* ACTIVITY
Filter the records below, keeping only lines with the string "moreover".

* ENTRIES PROVIDED
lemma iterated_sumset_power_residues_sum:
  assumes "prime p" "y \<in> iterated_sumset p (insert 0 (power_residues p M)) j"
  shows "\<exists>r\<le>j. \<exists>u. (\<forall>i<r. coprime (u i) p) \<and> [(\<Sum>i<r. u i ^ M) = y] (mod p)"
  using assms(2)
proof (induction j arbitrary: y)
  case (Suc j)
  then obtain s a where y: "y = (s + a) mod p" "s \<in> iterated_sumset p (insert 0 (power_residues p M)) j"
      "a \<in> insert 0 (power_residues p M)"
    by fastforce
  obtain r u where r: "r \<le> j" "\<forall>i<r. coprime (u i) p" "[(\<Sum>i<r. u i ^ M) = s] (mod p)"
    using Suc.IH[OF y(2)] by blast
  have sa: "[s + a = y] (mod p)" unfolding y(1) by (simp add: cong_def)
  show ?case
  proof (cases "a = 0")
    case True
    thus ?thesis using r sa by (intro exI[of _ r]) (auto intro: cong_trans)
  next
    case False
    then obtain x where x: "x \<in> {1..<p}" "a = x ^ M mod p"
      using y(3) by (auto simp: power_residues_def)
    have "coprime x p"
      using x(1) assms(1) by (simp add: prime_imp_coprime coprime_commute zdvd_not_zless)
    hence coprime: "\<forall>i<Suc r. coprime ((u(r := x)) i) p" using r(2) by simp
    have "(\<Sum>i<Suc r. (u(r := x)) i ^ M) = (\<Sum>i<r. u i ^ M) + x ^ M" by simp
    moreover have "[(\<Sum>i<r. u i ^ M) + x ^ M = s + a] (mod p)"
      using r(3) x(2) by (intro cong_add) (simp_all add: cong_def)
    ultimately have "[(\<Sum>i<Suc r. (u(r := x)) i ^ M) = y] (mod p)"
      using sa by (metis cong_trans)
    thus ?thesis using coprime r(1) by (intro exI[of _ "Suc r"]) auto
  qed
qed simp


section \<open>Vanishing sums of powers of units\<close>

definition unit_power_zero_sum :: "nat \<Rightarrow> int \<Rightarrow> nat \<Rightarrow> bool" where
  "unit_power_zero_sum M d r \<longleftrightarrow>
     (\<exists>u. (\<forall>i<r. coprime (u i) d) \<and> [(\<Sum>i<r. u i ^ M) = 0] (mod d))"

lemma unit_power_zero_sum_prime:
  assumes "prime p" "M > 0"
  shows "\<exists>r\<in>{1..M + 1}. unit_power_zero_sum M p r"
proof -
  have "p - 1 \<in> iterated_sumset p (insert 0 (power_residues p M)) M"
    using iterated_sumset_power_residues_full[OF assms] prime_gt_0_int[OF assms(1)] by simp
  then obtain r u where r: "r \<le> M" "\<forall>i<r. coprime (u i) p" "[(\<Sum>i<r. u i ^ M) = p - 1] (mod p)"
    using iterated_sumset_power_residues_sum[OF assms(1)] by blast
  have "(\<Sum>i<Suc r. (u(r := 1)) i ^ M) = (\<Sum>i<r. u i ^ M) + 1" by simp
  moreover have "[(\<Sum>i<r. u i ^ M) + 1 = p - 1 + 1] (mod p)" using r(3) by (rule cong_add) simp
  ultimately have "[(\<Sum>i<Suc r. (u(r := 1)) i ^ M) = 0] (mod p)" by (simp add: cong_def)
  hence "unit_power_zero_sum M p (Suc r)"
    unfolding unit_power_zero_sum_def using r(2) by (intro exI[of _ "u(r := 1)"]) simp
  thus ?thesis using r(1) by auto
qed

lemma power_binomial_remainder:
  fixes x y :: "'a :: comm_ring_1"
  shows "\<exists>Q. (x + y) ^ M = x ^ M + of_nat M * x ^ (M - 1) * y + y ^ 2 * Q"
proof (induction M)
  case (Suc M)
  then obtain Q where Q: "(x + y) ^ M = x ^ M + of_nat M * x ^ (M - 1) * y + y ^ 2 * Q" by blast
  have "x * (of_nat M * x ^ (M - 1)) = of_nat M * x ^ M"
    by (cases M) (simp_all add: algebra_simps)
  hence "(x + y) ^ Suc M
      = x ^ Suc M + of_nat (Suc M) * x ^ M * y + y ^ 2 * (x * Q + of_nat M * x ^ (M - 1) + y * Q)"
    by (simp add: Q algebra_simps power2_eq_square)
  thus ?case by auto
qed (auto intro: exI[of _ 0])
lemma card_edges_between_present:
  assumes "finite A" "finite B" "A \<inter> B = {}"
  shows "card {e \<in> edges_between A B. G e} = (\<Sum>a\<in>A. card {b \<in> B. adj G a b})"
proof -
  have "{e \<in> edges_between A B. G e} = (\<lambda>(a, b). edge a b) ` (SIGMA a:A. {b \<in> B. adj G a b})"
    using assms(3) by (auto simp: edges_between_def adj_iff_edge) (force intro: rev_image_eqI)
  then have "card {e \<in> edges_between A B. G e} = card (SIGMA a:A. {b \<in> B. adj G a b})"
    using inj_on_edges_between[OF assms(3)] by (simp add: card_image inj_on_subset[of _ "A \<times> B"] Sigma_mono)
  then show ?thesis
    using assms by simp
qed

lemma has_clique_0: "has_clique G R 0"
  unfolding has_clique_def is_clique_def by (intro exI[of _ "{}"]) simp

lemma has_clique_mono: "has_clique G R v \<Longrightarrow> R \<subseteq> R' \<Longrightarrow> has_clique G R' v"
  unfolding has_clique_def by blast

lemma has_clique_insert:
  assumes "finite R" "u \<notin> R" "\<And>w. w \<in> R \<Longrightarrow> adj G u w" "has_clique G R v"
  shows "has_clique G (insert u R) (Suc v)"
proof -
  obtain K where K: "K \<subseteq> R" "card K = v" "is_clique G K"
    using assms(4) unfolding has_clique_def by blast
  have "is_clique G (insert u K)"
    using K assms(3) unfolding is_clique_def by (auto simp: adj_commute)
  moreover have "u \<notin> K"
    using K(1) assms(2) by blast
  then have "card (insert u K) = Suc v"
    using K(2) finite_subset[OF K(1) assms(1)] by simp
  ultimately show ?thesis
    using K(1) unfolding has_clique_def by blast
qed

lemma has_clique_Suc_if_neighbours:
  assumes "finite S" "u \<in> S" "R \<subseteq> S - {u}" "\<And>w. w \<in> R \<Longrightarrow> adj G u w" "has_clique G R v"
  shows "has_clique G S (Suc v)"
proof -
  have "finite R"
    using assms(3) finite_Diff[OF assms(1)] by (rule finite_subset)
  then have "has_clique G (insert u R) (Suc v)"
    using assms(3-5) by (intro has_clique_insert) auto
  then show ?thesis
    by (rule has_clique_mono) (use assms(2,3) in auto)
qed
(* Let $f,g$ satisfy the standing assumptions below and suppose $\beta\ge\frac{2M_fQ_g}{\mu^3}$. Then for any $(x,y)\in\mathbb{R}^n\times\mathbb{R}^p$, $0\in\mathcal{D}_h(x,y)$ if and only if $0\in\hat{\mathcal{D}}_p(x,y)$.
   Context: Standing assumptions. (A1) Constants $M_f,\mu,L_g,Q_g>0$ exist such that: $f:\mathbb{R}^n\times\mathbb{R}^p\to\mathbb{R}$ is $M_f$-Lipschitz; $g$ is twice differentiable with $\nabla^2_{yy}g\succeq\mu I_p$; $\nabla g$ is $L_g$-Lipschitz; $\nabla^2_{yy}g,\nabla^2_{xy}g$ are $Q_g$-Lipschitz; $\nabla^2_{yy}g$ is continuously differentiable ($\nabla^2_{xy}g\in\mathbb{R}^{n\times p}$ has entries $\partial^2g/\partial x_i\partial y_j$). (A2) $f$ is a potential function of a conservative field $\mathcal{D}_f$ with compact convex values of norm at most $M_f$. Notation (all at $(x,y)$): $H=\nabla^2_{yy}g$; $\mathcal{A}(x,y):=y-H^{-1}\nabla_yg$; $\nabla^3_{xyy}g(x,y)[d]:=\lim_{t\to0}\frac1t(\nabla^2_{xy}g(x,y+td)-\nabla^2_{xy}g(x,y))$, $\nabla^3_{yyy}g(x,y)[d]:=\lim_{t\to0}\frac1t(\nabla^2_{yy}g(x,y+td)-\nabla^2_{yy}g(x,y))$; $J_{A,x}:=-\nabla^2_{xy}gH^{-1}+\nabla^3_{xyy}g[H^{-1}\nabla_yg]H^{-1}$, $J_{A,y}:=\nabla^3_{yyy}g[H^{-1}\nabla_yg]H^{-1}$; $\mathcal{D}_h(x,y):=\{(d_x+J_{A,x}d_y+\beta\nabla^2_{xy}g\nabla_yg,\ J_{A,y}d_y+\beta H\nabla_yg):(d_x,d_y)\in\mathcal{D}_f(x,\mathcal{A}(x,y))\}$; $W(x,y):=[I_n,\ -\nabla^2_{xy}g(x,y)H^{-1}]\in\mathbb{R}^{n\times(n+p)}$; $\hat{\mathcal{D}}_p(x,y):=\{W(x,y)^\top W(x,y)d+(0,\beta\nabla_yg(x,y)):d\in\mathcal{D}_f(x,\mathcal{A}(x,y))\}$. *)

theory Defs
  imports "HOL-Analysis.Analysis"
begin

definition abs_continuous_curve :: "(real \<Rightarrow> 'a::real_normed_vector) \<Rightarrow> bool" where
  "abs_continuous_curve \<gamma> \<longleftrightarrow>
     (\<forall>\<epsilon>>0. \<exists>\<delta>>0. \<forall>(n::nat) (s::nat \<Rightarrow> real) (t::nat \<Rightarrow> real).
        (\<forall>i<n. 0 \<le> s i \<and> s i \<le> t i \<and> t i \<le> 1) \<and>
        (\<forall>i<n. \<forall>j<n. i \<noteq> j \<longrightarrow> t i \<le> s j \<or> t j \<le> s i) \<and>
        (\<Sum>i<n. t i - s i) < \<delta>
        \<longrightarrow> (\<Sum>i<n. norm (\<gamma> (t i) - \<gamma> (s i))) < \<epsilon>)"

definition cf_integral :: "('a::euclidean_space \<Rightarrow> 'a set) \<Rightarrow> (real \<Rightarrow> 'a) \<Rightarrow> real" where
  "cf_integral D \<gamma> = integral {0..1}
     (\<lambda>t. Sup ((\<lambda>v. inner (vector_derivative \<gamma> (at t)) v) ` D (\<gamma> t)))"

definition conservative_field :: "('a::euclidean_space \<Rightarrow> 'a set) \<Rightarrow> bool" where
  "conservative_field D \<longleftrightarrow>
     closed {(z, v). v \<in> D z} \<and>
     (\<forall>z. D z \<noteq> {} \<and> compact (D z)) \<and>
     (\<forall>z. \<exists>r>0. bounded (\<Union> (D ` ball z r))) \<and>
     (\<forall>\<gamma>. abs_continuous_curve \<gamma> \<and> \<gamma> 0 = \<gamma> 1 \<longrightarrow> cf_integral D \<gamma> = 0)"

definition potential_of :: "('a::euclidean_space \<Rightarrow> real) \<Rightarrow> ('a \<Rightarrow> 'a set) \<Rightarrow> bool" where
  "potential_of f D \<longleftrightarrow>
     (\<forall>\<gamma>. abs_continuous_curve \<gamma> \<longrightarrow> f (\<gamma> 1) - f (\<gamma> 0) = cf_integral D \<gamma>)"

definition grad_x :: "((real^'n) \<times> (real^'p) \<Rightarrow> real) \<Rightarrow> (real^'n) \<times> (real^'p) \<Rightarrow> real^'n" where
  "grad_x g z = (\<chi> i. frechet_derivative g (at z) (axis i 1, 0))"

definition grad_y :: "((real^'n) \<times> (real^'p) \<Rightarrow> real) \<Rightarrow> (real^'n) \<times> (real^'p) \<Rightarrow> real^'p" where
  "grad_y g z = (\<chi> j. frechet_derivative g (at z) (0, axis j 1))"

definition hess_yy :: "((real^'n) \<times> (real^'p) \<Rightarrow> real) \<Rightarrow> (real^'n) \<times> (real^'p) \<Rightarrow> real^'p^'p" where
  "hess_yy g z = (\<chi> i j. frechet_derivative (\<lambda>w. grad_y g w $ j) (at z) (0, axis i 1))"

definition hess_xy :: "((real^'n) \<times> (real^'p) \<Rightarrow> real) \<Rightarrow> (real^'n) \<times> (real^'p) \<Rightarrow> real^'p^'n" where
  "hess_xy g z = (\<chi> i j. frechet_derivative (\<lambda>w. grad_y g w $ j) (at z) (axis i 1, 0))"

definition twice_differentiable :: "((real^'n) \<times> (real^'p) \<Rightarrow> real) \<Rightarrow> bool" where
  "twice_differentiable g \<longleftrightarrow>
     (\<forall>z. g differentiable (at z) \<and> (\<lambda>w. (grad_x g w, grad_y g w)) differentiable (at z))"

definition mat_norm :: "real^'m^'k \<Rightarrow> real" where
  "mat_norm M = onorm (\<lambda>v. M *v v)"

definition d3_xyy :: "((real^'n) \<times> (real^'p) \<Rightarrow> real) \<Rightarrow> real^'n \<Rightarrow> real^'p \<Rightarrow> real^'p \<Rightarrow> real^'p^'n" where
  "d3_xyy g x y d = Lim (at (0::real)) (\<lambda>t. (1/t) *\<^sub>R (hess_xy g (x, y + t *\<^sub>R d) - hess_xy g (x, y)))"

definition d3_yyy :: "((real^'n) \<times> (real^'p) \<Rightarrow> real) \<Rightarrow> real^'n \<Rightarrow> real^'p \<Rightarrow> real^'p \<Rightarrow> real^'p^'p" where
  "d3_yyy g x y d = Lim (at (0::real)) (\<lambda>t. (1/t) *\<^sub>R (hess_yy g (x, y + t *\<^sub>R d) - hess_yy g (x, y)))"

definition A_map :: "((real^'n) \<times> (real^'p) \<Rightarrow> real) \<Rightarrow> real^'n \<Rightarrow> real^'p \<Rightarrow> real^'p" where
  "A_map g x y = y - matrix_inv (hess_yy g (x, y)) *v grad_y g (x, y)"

* * *

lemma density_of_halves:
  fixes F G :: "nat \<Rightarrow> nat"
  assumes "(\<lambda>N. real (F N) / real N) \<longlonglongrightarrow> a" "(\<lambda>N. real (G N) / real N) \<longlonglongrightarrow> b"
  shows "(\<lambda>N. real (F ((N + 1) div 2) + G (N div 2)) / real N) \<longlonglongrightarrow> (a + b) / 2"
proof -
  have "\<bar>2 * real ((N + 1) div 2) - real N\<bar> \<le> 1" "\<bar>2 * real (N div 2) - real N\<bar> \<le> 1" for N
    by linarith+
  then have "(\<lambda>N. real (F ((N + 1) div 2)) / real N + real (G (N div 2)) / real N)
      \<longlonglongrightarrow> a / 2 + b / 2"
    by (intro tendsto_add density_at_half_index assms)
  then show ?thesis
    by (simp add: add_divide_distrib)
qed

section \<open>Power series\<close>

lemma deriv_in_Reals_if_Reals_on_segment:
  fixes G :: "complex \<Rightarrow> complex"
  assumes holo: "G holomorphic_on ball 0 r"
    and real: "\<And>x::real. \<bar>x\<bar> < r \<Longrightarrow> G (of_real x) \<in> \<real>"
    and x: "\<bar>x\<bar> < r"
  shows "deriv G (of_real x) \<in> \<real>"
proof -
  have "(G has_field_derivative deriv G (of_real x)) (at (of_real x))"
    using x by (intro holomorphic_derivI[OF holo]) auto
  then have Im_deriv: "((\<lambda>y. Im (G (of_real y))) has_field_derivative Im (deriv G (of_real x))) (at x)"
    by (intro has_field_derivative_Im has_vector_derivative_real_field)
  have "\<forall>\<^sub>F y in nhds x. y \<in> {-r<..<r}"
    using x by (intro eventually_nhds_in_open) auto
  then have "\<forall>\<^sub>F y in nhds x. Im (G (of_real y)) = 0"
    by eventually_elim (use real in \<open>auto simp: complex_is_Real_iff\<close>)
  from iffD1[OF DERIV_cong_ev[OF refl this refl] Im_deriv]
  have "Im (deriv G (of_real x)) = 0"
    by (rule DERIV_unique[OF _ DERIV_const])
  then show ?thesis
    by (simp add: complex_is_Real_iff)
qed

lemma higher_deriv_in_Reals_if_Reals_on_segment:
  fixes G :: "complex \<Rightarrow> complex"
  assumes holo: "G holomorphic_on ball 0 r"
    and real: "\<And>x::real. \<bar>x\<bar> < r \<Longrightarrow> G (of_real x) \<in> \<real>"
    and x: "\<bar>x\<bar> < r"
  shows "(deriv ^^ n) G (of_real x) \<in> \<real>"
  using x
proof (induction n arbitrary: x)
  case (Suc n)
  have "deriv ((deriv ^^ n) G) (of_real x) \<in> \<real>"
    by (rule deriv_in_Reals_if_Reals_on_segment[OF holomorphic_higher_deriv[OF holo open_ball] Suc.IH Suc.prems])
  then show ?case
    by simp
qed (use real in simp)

* * *

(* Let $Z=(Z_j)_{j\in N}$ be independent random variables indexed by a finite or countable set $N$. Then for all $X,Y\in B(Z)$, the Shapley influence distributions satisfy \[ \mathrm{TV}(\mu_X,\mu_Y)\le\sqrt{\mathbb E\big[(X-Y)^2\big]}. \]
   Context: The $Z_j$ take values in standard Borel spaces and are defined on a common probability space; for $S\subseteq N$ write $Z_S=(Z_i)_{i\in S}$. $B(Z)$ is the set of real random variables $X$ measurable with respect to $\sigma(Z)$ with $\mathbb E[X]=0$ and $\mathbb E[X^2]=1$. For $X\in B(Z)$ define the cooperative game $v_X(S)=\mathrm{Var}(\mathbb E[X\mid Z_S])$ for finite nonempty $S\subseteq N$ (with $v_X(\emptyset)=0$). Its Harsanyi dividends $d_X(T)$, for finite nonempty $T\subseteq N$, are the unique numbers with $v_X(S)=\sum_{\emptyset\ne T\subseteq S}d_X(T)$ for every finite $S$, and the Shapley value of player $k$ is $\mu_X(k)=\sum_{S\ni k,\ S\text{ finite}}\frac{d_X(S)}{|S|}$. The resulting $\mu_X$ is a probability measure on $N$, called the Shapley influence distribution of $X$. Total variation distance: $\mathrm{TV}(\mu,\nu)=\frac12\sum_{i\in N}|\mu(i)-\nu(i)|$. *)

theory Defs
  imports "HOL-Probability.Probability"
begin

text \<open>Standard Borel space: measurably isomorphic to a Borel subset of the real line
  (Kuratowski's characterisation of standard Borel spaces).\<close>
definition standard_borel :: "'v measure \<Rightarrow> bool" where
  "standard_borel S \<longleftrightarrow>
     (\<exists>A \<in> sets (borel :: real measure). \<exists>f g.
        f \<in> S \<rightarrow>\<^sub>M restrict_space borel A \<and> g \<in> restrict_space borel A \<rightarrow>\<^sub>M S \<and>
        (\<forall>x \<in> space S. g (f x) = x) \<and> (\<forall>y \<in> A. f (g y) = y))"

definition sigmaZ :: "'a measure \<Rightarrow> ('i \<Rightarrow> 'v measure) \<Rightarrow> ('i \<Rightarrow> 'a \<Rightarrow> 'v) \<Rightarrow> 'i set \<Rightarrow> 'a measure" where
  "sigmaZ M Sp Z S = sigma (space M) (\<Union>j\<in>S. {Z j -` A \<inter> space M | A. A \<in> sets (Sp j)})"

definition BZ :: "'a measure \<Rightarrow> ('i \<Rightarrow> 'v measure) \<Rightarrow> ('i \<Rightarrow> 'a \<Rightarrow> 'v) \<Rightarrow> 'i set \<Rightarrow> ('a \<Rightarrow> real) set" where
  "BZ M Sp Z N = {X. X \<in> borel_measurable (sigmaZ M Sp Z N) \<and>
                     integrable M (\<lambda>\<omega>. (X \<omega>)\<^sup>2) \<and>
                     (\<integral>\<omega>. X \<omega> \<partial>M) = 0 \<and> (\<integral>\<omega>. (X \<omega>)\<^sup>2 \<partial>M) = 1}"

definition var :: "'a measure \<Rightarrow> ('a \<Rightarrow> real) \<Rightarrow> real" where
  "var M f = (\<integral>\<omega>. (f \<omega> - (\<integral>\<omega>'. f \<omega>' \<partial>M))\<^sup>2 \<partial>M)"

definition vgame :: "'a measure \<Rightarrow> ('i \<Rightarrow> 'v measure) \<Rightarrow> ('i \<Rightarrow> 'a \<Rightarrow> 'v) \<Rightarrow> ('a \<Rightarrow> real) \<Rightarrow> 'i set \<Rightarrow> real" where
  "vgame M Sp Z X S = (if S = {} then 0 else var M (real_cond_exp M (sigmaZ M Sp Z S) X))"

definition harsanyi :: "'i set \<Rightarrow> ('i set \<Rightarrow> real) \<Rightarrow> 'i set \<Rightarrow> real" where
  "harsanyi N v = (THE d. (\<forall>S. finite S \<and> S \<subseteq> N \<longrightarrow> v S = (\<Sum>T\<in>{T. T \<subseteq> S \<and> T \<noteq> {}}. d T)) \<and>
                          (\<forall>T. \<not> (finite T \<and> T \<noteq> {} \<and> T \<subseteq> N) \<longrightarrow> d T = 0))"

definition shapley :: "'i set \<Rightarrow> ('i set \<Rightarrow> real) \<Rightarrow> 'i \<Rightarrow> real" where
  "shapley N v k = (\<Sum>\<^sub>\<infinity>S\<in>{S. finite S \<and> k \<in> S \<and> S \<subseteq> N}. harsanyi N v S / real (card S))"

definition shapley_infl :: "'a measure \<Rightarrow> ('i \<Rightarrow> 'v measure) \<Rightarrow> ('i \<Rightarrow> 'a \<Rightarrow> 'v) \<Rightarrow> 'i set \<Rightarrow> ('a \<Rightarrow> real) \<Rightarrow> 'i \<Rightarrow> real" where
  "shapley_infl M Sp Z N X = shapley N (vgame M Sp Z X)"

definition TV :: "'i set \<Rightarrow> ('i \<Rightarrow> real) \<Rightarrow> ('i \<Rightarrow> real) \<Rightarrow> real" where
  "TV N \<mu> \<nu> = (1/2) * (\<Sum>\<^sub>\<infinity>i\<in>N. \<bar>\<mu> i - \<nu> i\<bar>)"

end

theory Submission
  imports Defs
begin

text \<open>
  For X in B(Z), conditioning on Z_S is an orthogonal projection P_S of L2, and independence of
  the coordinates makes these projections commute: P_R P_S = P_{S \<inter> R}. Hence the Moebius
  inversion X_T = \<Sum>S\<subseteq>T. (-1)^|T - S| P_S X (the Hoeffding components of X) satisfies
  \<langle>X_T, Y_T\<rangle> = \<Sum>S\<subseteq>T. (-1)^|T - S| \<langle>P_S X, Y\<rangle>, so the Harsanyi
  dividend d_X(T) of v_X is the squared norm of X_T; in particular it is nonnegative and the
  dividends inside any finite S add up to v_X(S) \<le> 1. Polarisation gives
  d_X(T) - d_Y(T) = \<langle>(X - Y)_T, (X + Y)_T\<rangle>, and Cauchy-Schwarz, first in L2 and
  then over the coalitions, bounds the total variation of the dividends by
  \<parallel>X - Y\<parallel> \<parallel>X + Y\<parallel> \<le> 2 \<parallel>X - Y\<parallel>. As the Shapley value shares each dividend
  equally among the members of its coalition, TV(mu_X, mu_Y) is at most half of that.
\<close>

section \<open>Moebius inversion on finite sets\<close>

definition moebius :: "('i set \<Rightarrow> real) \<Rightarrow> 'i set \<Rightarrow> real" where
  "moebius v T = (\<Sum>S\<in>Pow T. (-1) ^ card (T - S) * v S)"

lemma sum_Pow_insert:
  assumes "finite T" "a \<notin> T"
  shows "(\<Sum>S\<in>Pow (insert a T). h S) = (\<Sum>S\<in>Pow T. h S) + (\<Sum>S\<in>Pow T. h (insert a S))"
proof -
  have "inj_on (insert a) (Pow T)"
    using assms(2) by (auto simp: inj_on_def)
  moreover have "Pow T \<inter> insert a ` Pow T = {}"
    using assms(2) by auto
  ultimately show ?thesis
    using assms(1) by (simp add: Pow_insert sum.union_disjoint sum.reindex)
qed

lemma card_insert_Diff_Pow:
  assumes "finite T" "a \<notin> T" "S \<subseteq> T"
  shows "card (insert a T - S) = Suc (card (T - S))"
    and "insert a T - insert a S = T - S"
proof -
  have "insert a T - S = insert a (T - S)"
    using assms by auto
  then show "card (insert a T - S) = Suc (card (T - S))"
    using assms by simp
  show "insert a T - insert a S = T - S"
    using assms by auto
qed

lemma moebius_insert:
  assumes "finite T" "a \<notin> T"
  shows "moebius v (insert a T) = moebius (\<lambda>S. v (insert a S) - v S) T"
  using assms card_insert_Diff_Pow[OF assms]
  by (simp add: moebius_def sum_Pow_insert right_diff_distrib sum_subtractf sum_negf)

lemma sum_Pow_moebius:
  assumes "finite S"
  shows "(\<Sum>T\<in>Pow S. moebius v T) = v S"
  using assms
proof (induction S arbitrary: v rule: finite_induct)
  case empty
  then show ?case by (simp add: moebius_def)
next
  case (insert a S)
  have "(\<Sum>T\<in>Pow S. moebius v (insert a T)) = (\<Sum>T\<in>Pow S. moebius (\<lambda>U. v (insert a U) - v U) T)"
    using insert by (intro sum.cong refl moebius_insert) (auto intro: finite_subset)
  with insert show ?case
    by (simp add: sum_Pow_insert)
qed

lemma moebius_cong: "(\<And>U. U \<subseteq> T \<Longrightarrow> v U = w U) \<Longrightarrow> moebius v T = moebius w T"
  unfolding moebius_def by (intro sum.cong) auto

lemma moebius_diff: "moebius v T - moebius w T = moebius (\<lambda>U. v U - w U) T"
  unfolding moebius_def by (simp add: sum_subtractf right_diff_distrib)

* SOLUTION TO THIS PROBLEM
    moreover have "[(\<Sum>i<r. u i ^ M) + x ^ M = s + a] (mod p)"
  moreover have "[(\<Sum>i<r. u i ^ M) + 1 = p - 1 + 1] (mod p)" using r(3) by (rule cong_add) simp
  moreover have "u \<notin> K"
  moreover have "Pow T \<inter> insert a ` Pow T = {}"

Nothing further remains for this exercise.